WORK ITEM -> When you have gone through the records, report how many lines include "intro", giving the number and nothing more.

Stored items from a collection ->
------

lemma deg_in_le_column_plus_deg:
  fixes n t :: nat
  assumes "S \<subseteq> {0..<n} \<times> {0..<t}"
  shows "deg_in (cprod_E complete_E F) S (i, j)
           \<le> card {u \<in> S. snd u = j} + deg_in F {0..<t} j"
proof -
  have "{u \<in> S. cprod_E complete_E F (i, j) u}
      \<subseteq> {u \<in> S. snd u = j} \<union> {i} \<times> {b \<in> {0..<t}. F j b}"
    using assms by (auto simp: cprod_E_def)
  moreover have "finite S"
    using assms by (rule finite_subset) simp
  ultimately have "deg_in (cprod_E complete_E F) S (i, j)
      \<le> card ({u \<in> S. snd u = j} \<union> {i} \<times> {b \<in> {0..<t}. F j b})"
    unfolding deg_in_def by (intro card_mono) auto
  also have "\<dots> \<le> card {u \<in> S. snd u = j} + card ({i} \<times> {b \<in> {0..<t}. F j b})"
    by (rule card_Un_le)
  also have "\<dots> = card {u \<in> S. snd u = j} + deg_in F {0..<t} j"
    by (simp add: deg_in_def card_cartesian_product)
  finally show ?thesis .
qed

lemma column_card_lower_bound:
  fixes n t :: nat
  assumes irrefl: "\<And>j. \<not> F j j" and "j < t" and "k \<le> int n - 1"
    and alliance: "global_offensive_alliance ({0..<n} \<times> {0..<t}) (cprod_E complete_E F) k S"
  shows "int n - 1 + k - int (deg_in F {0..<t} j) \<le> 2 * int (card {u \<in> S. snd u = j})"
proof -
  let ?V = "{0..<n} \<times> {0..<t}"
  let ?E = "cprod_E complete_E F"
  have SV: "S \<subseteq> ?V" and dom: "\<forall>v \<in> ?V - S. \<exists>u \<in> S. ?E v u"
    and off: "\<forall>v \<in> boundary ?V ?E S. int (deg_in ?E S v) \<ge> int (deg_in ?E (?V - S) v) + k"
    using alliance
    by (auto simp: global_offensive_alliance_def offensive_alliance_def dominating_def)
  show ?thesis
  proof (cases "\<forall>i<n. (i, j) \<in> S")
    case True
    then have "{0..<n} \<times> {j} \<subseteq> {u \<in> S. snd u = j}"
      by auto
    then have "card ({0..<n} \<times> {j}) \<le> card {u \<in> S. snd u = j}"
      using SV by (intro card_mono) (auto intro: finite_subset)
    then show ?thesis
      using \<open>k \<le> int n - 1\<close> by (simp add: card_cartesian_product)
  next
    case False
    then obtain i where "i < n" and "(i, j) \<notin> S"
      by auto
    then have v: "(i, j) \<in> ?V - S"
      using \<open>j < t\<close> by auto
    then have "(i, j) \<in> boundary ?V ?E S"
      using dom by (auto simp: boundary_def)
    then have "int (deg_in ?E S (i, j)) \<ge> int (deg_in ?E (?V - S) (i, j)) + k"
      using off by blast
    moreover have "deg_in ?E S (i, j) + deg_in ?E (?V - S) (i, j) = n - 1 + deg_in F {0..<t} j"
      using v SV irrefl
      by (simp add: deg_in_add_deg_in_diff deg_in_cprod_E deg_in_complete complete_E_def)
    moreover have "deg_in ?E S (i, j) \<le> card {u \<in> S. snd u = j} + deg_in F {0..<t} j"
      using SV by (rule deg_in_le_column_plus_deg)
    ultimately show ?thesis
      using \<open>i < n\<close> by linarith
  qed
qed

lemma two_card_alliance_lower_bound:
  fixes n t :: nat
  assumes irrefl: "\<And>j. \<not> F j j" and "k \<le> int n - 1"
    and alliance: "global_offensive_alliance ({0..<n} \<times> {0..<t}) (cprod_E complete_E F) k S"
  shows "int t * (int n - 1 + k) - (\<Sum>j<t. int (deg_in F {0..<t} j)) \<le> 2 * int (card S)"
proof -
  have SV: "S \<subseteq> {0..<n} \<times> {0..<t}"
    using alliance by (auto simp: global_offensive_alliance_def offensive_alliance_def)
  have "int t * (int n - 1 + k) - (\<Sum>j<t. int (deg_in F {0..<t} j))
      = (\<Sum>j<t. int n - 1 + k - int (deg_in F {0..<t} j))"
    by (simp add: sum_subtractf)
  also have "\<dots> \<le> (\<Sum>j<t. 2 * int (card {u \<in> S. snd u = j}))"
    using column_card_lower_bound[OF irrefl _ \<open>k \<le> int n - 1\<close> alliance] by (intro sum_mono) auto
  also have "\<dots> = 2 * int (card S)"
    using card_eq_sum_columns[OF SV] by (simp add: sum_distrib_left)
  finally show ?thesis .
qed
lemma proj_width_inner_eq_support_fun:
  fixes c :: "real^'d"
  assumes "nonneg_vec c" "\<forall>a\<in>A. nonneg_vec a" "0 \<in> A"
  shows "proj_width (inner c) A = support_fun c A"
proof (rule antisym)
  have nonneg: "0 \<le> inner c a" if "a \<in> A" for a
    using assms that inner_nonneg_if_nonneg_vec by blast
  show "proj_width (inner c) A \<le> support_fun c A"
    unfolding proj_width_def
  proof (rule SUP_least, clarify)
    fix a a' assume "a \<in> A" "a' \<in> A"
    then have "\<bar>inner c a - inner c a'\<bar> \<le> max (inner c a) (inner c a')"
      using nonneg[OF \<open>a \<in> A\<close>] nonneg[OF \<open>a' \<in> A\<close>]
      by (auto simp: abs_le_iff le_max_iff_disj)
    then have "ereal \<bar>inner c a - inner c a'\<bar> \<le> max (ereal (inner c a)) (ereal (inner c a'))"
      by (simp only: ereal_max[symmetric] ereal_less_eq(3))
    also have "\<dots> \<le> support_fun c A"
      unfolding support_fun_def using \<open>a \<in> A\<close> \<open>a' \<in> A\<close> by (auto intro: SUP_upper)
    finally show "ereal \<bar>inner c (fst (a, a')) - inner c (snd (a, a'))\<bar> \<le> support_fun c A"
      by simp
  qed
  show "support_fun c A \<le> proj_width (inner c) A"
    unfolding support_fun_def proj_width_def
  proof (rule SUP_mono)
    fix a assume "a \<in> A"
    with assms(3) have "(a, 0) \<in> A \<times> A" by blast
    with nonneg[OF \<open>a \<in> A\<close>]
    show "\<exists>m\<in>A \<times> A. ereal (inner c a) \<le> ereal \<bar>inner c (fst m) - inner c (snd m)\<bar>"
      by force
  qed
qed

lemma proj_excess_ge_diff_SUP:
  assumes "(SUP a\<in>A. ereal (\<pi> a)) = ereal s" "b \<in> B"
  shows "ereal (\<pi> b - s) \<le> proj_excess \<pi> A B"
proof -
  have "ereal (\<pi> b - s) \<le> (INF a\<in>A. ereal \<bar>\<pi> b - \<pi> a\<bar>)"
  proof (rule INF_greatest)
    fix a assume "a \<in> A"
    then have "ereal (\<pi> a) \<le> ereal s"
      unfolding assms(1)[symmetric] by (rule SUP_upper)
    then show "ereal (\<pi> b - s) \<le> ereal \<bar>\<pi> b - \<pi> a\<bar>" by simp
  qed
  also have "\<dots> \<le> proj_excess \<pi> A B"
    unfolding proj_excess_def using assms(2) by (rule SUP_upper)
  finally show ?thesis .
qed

------

RESULT OF THE EXERCISE -> 4